## [Stored data entries]
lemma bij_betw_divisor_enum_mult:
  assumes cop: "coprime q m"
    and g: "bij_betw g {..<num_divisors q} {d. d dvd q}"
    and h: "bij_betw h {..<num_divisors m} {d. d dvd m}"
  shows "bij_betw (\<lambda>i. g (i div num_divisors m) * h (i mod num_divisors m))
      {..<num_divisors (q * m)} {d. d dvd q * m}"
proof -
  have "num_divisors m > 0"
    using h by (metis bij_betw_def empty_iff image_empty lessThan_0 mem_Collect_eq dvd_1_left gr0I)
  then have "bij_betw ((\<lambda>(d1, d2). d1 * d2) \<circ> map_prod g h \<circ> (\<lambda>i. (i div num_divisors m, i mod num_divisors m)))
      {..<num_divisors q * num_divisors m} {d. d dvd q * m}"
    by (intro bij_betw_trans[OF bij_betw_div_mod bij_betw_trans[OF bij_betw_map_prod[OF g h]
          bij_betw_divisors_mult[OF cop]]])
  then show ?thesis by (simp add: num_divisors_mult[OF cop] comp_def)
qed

## [Task directions]
A single number is needed: the count of lines in the records that include "then".

## [Exercise answer]
2